Unnamed: 0,name,tract,Consumer,MaxAdDown,MaxAdUp
0,Rogers Park,10100,0,0.0,0.0
1,Rogers Park,10100,0,0.0,0.0
2,Rogers Park,10100,0,0.0,0.0
3,Rogers Park,10100,0,0.0,0.0
4,Rogers Park,10100,0,0.0,0.0
...,...,...,...,...,...
372919,Edgewater,30900,1,2.0,1.3
372920,Edgewater,30900,1,2.0,1.3
372921,Edgewater,30900,1,2.0,1.3
372922,Edgewater,30900,1,2.0,1.3


In [91]:
#calculating mean speeds

fcc_comm.groupby(by="name").mean().sort_values(["MaxAdUp"], 
                                                      ascending=False)

Unnamed: 0_level_0,tract,Consumer,MaxAdDown,MaxAdUp
name,Unnamed: 1_level_1,Unnamed: 2_level_1,Unnamed: 3_level_1,Unnamed: 4_level_1
Dunning,170645.873895,0.860416,246.429453,115.015010
West Town,296281.829701,0.836374,229.364653,111.663583
Avondale,327857.299776,0.829754,228.131013,105.684701
Irving Park,160685.726342,0.840700,230.232691,105.280061
Garfield Ridge,585019.264448,0.843695,232.221788,102.162929
...,...,...,...,...
Gage Park,665833.101909,0.818745,147.880358,7.766088
West Englewood,680402.854215,0.834309,147.488897,7.525122
West Garfield Park,260606.682659,0.837560,134.083025,7.127243
North Lawndale,610654.314550,0.817157,132.111270,7.038640


In [92]:
# calculating median speeds

fcc_comm.groupby(by="name").median().sort_values(["MaxAdUp"], 
                                                      ascending=False)

Unnamed: 0_level_0,tract,Consumer,MaxAdDown,MaxAdUp
name,Unnamed: 1_level_1,Unnamed: 2_level_1,Unnamed: 3_level_1,Unnamed: 4_level_1
Albany Park,140500.0,1.0,25.0,3.0
Pullman,500100.0,1.0,25.0,3.0
Ohare,770602.0,1.0,25.0,3.0
Oakland,836400.0,1.0,25.0,3.0
Norwood Park,100500.0,1.0,25.0,3.0
...,...,...,...,...
Englewood,681300.0,1.0,25.0,3.0
Edison Park,90200.0,1.0,25.0,3.0
Near West Side,833100.0,1.0,18.0,1.5
Near South Side,330100.0,1.0,18.0,1.5


This was interesting because the means and medians of average download / upload speeds were very different. The average download speeds were in the range of 114 to 293 mbps. The average upload speeds were from 7 to 115 mbps. The median upload speeds were 25 mbps and download speeds were 3 mbps for all community areas.

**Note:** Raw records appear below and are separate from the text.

(* Let $p\in[1,\infty]$. Let $\boldsymbol{\mu}_+\ne\boldsymbol{\mu}_-\in\mathbb{R}^d$, $\sigma>0$, and let $(\boldsymbol{X},Y)$ be random with $P(Y=+)=P(Y=-)=1/2$ and $\boldsymbol{X}\mid Y=i\sim N(\boldsymbol{\mu}_i,\sigma^2\boldsymbol{I}_d)$. Let $\boldsymbol{w}\in\mathbb{R}^d\setminus\{\boldsymbol{0}\}$, $b\in\mathbb{R}$, and let the linear classifier assign $\boldsymbol{x}$ to class $+$ iff $\boldsymbol{w}\cdot\boldsymbol{x}+b>0$. Let $\varepsilon>0$, $\delta\ge0$, $\boldsymbol{\mu}=\frac12(\boldsymbol{\mu}_+-\boldsymbol{\mu}_-)$, $\bar{\boldsymbol{\mu}}=\frac12(\boldsymbol{\mu}_++\boldsymbol{\mu}_-)$, $b'=\boldsymbol{w}\cdot\bar{\boldsymbol{\mu}}+b$, $\boldsymbol{\mu}_0=\boldsymbol{\mu}/\|\boldsymbol{\mu}\|_2$. Let $\boldsymbol{u}_p$ be a maximizer of $|\boldsymbol{w}\cdot\boldsymbol{v}|$ over $\{\boldsymbol{v}\in\mathbb{R}^d:\|\boldsymbol{v}\|_p\le\varepsilon,\ |\boldsymbol{v}\cdot\boldsymbol{\mu}_0|\le\delta\}$ chosen with $\boldsymbol{w}\cdot\boldsymbol{u}_p\ge0$. Let $p_m$ be the probability that $\boldsymbol{X}$ is misclassified and $p_{s-adv|p}$ the probability that $\boldsymbol{X}$ is correctly classified and there is $\boldsymbol{x}'$ with $\|\boldsymbol{X}-\boldsymbol{x}'\|_p\le\varepsilon$ and $|(\boldsymbol{X}-\boldsymbol{x}')\cdot\boldsymbol{\mu}_0|\le\delta$ that is assigned a different class than $\boldsymbol{X}$. Then $$p_{s-adv|p}=1-p_m-\frac12\left[\Phi\!\left(\frac{\boldsymbol{w}\cdot\boldsymbol{\mu}+b'}{\|\boldsymbol{w}\|_2\sigma}-\frac{\boldsymbol{w}\cdot\boldsymbol{u}_p}{\|\boldsymbol{w}\|_2\sigma}\right)+\Phi\!\left(\frac{\boldsymbol{w}\cdot\boldsymbol{\mu}-b'}{\|\boldsymbol{w}\|_2\sigma}-\frac{\boldsymbol{w}\cdot\boldsymbol{u}_p}{\|\boldsymbol{w}\|_2\sigma}\right)\right].$$
   Context: $\Phi$ denotes the standard normal CDF. Since the feasible set is symmetric under $\boldsymbol{v}\mapsto-\boldsymbol{v}$, a maximizer with $\boldsymbol{w}\cdot\boldsymbol{u}_p\ge0$ exists, and then $\boldsymbol{w}\cdot\boldsymbol{u}_p$ is the maximum of $\boldsymbol{w}\cdot\boldsymbol{v}$ over the feasible set. *)

theory Defs
  imports "HOL-Probability.Probability"
begin

definition Phi :: "real \<Rightarrow> real" where
  "Phi x = measure (density lborel (normal_density 0 1)) {..x}"

definition gauss_iso :: "real^'n \<Rightarrow> real \<Rightarrow> (real^'n) measure" where
  "gauss_iso m \<sigma> = density lborel (\<lambda>x. ennreal (\<Prod>i\<in>UNIV. normal_density (m$i) \<sigma> (x$i)))"

definition lp_norm :: "ereal \<Rightarrow> real^'n \<Rightarrow> real" where
  "lp_norm p v = (if p = \<infinity> then Max ((\<lambda>i. \<bar>v$i\<bar>) ` UNIV)
                  else (\<Sum>i\<in>UNIV. \<bar>v$i\<bar> powr real_of_ereal p) powr (1 / real_of_ereal p))"

text \<open>Linear classifier: class + (True) iff w.x + b > 0.\<close>
definition lin_cls :: "real^'n \<Rightarrow> real \<Rightarrow> real^'n \<Rightarrow> bool" where
  "lin_cls w b x = (w \<bullet> x + b > 0)"

end

theory Submission
  imports Defs
begin

text \<open>Given the label, the score \<open>w \<bullet> X + b\<close> of an isotropic Gaussian is a sum of independent
  normal variables, hence normal with mean \<open>w \<bullet> m + b\<close> (\<open>m\<close> the class mean) and standard
  deviation \<open>norm w * \<sigma>\<close>. The admissible perturbations form a symmetric set on which
  \<open>w \<bullet> v\<close> ranges over \<open>[-c, c]\<close> with \<open>c = w \<bullet> u\<^sub>p\<close>, so a correctly classified point can be pushed across
  the decision boundary exactly when its score lies in \<open>(0, c]\<close> (class \<open>+\<close>) or in
  \<open>(-c, 0]\<close> (class \<open>-\<close>); the probabilities of these events are differences of values of
  \<open>\<Phi>\<close>.\<close>

lemma Basis_vec_eq_range_axis: "(Basis :: (real^'n) set) = range (\<lambda>i. axis i 1)"
  by (auto simp: Basis_vec_def)

lemma prod_Basis_vec: "(\<Prod>b\<in>(Basis :: (real^'n) set). f b) = (\<Prod>i\<in>UNIV. f (axis i 1))"
proof -
  have "inj (\<lambda>i::'n. axis i (1::real))" by (auto simp: inj_def axis_eq_axis)
  then show ?thesis unfolding Basis_vec_eq_range_axis by (simp add: prod.reindex)
qed

lemma measurable_vec_lambda_PiM:
  assumes "\<And>i. sets (N i) = sets borel"
  shows "(\<lambda>f. \<chi> i. f i) \<in> PiM UNIV N \<rightarrow>\<^sub>M (borel :: (real^'n) measure)"
proof -
  have "(\<lambda>f. f j) \<in> borel_measurable (PiM UNIV N)" for j
    using measurable_component_singleton[of j UNIV N] measurable_cong_sets[OF refl assms[of j]]
    by blast
  then have "\<forall>b\<in>(Basis :: (real^'n) set). (\<lambda>f. (\<chi> i. f i) \<bullet> b) \<in> borel_measurable (PiM UNIV N)"
    unfolding Basis_vec_eq_range_axis by (auto simp: inner_axis)
  then show ?thesis by (subst borel_measurable_euclidean_space) auto
qed

abbreviation normal_product :: "real^'n \<Rightarrow> real \<Rightarrow> ('n \<Rightarrow> real) measure" where
  "normal_product m \<sigma> \<equiv> PiM UNIV (\<lambda>i. density lborel (normal_density (m$i) \<sigma>))"

lemma product_prob_space_normal:
  "\<sigma> > 0 \<Longrightarrow> product_prob_space (\<lambda>i. density lborel (normal_density (\<mu> i) \<sigma>))"
  unfolding product_prob_space_def product_prob_space_axioms_def product_sigma_finite_def
  using prob_space_normal_density by (auto intro: prob_space_imp_sigma_finite)

lemma emeasure_gauss_iso_box:
  fixes m l u :: "real^'n"
  shows "emeasure (gauss_iso m \<sigma>) (box l u) =
    (\<Prod>i\<in>UNIV. emeasure (density lborel (normal_density (m$i) \<sigma>)) {l$i<..<u$i})"
proof -
  define F where "F = (\<lambda>b t. ennreal (normal_density (m \<bullet> b) \<sigma> t) * indicator {l \<bullet> b<..<u \<bullet> b} t)"
  have factor: "ennreal (\<Prod>i\<in>UNIV. normal_density (m$i) \<sigma> (x$i)) * indicator (box l u) x =
      (\<Prod>b\<in>Basis. F b (x \<bullet> b))" for x :: "real^'n"
  proof (cases "x \<in> box l u")
    case True
    then show ?thesis by (simp add: prod_Basis_vec F_def inner_axis mem_box_cart prod_ennreal)
  next
    case False
    then obtain j where "\<not> (l$j < x$j \<and> x$j < u$j)" by (auto simp: mem_box_cart)
    then have "F (axis j 1) (x \<bullet> axis j 1) = 0" by (simp add: F_def inner_axis)
    then have "(\<Prod>b\<in>Basis. F b (x \<bullet> b)) = 0"
      unfolding prod_Basis_vec by (intro prod_zero) auto
    with False show ?thesis by simp
  qed
  have "emeasure (gauss_iso m \<sigma>) (box l u) = \<integral>\<^sup>+x. (\<Prod>b\<in>Basis. F b (x \<bullet> b)) \<partial>lborel"
    unfolding gauss_iso_def by (subst emeasure_density) (auto simp: factor)
  also have "\<dots> = (\<Prod>b\<in>Basis. \<integral>\<^sup>+t. F b t \<partial>lborel)"
    by (rule nn_integral_lborel_prod) (auto simp: F_def)
  also have "\<dots> = (\<Prod>i\<in>UNIV. emeasure (density lborel (normal_density (m$i) \<sigma>)) {l$i<..<u$i})"
    by (simp add: prod_Basis_vec F_def inner_axis emeasure_density)
  finally show ?thesis .
qed

lemma emeasure_normal_product_box:
  fixes m l u :: "real^'n"
  assumes "\<sigma> > 0"
  shows "emeasure (distr (normal_product m \<sigma>) borel (\<lambda>f. \<chi> i. f i)) (box l u) =
    (\<Prod>i\<in>UNIV. emeasure (density lborel (normal_density (m$i) \<sigma>)) {l$i<..<u$i})"
proof -
  interpret product_prob_space "\<lambda>i. density lborel (normal_density (m$i) \<sigma>)" UNIV
    using product_prob_space_normal[OF assms] .
  have "(\<lambda>f. \<chi> i. f i) -` box l u \<inter> space (normal_product m \<sigma>) = PiE UNIV (\<lambda>i. {l$i<..<u$i})"
    by (auto simp: space_PiM mem_box_cart PiE_iff)
  then show ?thesis
    by (simp add: emeasure_distr measurable_vec_lambda_PiM emeasure_PiM)
qed

lemma gauss_iso_eq_distr_normal_product:
  fixes m :: "real^'n"
  assumes "\<sigma> > 0"
  shows "gauss_iso m \<sigma> = distr (normal_product m \<sigma>) borel (\<lambda>f. \<chi> i. f i)"
proof (rule measure_eqI_generator_eq[where E="range (\<lambda>(a, b). box a b)" and \<Omega>=UNIV
      and A="\<lambda>n. box (- (real n *\<^sub>R One)) (real n *\<^sub>R One)"])
  interpret product_prob_space "\<lambda>i. density lborel (normal_density (m$i) \<sigma>)" UNIV
    using product_prob_space_normal[OF assms] .
  interpret distr: prob_space "distr (normal_product m \<sigma>) borel (\<lambda>f. \<chi> i. f i)"
    by (rule prob_space_distr) (simp add: measurable_vec_lambda_PiM)
  have boxes: "emeasure (gauss_iso m \<sigma>) (box l u) =
      emeasure (distr (normal_product m \<sigma>) borel (\<lambda>f. \<chi> i. f i)) (box l u)" for l u :: "real^'n"
    unfolding emeasure_gauss_iso_box emeasure_normal_product_box[OF assms] ..
  show "Int_stable (range (\<lambda>(a, b). box a (b::real^'n)))"
    by (auto simp: Int_stable_def box_Int_box)
  show "range (\<lambda>(a, b). box a (b::real^'n)) \<subseteq> Pow UNIV" by auto
  show "sets (gauss_iso m \<sigma>) = sigma_sets UNIV (range (\<lambda>(a, b). box a b))"
    by (simp add: gauss_iso_def borel_eq_box)
  show "sets (distr (normal_product m \<sigma>) borel (\<lambda>f. \<chi> i. f i)) =
      sigma_sets UNIV (range (\<lambda>(a, b). box a b))"
    by (simp add: borel_eq_box)
  show "range (\<lambda>n::nat. box (- (real n *\<^sub>R One)) (real n *\<^sub>R One)) \<subseteq>
      range (\<lambda>(a, b). box a (b::real^'n))"
    by auto
  show "(\<Union>n. box (- (real n *\<^sub>R One)) (real n *\<^sub>R One)) = (UNIV :: (real^'n) set)"
    by (rule UN_box_eq_UNIV)
  show "emeasure (gauss_iso m \<sigma>) (box (- (real n *\<^sub>R One)) (real n *\<^sub>R One)) \<noteq> \<infinity>" for n
    using distr.emeasure_finite by (simp add: boxes)
  show "emeasure (gauss_iso m \<sigma>) X =
      emeasure (distr (normal_product m \<sigma>) borel (\<lambda>f. \<chi> i. f i)) X"
    if "X \<in> range (\<lambda>(a, b). box a b)" for X
    using that boxes by auto
qed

###### Median Household Income

In [None]:
# selecting columns we need

median = full_df[['name', 'median_income']]
median.groupby(by = "name").median().sort_values(["median_income"], 
                                                      ascending = False)

The median household income for the neighborhoods is in the range of $15,293 to $145,855. The lowest is in Riverdale and the highest in Lincoln Park.

###### Household Poverty Rate

In [None]:
# selecting columns we need

poverty = full_df[['name', 'percent_poverty']]
poverty.groupby(by = "name").median().sort_values(["percent_poverty"], 
                                                      ascending = False)

Riverdale has the highest percent of poverty with 53.3% and Lake View is 1.4%.